TRY IT. In the records below, find the lines that include "obtain" and copy each.

Excerpts from a dataset
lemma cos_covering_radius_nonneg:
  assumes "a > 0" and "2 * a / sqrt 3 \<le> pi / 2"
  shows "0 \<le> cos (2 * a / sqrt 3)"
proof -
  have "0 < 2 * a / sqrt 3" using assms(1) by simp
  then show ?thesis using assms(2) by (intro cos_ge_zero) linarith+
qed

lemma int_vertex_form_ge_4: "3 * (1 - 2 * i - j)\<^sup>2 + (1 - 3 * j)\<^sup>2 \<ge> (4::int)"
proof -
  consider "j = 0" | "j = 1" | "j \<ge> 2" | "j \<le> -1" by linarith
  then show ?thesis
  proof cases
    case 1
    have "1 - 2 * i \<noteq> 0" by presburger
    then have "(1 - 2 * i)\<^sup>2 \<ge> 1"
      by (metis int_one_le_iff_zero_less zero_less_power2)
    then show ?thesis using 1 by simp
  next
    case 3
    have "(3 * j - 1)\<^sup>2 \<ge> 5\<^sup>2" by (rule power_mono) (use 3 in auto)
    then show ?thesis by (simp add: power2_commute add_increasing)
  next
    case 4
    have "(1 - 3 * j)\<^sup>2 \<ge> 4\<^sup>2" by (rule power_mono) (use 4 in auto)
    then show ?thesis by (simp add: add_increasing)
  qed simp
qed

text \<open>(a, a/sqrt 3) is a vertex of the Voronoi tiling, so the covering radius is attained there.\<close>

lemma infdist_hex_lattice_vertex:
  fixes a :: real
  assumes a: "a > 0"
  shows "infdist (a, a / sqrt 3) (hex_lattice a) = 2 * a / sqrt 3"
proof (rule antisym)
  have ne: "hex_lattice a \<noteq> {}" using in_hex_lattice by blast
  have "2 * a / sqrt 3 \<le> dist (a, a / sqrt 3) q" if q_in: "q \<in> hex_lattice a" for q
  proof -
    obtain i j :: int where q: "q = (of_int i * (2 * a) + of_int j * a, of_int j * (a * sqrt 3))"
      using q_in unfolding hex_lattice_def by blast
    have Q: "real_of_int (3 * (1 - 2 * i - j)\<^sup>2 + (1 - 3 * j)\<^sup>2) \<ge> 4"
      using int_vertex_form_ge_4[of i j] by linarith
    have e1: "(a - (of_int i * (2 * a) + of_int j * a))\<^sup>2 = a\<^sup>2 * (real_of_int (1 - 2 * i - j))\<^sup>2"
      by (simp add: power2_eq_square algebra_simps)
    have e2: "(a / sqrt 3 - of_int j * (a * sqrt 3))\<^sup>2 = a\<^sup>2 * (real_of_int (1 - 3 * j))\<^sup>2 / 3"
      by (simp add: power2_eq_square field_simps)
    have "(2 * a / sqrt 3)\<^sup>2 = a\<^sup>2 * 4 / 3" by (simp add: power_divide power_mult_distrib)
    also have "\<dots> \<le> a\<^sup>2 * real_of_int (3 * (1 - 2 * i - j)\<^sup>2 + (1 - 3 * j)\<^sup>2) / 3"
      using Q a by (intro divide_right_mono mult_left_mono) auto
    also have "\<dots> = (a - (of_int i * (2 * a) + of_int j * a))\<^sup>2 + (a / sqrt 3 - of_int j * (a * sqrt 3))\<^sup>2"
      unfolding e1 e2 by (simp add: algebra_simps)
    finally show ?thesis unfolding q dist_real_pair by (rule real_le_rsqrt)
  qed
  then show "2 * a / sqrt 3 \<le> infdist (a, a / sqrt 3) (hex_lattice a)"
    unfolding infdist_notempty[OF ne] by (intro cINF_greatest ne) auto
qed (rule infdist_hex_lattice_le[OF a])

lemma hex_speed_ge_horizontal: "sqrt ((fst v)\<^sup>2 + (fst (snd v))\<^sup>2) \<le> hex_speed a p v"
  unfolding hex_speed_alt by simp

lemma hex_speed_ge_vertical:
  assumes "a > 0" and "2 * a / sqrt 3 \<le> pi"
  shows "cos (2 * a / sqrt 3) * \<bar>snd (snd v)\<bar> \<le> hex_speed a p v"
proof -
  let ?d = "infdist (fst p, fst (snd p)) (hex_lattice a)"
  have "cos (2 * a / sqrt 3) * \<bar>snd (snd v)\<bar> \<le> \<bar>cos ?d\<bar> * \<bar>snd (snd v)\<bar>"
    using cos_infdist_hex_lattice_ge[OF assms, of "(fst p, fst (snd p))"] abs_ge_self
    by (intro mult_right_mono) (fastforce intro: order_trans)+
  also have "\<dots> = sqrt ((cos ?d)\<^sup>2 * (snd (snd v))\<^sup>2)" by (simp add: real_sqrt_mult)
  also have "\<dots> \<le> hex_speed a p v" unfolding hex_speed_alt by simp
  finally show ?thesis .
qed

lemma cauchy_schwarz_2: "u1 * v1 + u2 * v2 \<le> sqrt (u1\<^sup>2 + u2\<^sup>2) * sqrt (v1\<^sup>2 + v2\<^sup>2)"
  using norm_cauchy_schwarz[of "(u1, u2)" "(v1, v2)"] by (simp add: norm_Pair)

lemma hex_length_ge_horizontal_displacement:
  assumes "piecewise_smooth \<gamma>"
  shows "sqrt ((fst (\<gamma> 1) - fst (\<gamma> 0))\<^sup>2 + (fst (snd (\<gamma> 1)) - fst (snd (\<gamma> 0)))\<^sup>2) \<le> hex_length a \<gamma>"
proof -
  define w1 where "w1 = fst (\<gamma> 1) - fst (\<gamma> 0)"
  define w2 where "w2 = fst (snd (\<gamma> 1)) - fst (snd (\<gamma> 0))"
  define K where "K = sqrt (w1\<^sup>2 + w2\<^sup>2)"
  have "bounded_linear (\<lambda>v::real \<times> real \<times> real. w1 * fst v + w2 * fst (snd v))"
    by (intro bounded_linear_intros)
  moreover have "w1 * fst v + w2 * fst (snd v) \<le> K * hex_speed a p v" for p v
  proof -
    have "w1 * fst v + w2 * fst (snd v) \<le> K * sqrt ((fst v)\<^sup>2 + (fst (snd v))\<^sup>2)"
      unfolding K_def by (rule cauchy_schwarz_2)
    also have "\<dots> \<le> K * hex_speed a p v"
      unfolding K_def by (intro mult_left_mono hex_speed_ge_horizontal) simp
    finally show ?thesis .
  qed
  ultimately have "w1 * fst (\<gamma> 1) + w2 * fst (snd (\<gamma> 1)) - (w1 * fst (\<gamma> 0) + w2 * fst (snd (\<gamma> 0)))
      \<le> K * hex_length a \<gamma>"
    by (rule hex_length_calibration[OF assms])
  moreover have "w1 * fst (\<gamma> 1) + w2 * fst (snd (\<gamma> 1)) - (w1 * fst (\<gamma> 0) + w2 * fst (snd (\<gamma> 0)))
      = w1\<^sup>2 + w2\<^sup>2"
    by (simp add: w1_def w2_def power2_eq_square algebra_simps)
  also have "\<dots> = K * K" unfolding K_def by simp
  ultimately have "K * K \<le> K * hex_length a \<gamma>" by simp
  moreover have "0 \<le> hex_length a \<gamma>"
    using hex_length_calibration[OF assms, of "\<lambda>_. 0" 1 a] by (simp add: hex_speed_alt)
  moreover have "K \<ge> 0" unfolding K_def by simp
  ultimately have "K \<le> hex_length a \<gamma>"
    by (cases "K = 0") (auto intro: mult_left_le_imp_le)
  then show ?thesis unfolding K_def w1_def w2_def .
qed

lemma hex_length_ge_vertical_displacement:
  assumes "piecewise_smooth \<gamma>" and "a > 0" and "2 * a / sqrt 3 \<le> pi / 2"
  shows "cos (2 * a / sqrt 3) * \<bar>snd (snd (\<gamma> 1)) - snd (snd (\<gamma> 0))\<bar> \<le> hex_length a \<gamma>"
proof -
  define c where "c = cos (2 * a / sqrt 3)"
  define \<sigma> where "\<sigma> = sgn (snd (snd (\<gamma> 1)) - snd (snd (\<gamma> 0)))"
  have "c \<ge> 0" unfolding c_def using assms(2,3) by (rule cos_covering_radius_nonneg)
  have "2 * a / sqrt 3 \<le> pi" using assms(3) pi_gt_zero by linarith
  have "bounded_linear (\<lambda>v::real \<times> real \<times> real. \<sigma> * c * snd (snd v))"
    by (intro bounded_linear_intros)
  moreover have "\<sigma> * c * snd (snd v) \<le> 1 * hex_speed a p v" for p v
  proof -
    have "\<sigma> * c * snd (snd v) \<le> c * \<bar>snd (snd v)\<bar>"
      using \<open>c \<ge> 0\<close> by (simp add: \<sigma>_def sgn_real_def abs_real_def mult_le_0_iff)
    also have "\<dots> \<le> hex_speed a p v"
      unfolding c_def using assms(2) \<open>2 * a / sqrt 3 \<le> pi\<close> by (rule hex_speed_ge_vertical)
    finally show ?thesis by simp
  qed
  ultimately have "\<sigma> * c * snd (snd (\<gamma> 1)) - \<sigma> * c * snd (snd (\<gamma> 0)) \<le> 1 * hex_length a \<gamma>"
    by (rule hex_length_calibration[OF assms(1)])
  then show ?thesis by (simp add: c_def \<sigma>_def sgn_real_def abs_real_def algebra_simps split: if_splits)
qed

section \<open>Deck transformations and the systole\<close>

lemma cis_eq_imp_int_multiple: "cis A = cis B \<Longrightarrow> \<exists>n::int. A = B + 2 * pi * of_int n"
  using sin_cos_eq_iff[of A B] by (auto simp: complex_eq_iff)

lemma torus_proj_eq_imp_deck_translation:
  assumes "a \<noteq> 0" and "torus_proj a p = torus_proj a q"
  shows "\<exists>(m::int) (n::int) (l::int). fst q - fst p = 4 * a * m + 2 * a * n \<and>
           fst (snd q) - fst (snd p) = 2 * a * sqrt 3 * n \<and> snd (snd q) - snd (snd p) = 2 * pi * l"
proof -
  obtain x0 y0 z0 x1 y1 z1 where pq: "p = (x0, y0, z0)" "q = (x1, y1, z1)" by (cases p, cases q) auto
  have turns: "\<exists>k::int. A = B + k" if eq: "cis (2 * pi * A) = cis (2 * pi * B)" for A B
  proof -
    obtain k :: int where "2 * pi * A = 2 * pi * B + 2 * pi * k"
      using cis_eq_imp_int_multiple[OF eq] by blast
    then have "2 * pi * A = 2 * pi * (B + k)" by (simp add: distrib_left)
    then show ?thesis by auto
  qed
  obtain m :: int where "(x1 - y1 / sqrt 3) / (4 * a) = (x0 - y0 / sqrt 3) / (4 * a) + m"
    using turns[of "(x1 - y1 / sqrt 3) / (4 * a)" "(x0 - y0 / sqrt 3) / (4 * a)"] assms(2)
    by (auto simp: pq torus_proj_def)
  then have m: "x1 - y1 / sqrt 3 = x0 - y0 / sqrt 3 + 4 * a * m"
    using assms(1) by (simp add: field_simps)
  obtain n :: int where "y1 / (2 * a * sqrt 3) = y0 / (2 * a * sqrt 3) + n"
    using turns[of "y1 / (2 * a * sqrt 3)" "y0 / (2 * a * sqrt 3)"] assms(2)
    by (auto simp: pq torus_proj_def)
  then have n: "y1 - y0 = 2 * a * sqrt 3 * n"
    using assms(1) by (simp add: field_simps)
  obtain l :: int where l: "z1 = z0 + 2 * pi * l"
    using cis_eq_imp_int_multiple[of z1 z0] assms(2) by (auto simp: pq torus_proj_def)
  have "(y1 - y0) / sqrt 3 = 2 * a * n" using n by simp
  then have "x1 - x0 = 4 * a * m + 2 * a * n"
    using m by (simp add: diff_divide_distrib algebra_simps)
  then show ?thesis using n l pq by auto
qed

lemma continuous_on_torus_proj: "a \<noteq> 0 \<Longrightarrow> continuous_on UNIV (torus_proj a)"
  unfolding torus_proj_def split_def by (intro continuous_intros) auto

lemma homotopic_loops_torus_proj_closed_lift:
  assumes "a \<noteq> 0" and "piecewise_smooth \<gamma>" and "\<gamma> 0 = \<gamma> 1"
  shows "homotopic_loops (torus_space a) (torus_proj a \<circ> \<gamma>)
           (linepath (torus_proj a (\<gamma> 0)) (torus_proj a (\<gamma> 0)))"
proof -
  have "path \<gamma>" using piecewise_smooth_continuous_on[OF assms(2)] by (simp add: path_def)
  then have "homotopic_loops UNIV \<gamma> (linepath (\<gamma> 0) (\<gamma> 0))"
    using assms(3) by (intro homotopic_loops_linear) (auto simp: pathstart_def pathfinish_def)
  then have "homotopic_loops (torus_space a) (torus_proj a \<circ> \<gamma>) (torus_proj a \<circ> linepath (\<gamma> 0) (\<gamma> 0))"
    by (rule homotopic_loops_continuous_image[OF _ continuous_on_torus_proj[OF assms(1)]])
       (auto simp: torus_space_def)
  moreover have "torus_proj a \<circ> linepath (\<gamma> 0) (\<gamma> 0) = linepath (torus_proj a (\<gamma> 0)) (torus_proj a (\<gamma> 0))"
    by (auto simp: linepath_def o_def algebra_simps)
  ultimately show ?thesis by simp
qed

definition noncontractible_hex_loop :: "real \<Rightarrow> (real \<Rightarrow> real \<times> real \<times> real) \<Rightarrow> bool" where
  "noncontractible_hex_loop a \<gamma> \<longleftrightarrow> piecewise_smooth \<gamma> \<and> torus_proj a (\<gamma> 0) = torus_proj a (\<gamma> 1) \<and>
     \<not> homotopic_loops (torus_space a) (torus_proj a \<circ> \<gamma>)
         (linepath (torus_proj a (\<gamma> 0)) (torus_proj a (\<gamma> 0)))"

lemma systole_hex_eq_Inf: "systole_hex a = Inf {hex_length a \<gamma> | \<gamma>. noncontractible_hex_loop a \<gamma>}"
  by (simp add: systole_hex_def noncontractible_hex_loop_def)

WRITTEN ANSWER.
    obtain i j :: int where q: "q = (of_int i * (2 * a) + of_int j * a, of_int j * (a * sqrt 3))"
  obtain x0 y0 z0 x1 y1 z1 where pq: "p = (x0, y0, z0)" "q = (x1, y1, z1)" by (cases p, cases q) auto
    obtain k :: int where "2 * pi * A = 2 * pi * B + 2 * pi * k"
  obtain m :: int where "(x1 - y1 / sqrt 3) / (4 * a) = (x0 - y0 / sqrt 3) / (4 * a) + m"
  obtain n :: int where "y1 / (2 * a * sqrt 3) = y0 / (2 * a * sqrt 3) + n"
  obtain l :: int where l: "z1 = z0 + 2 * pi * l"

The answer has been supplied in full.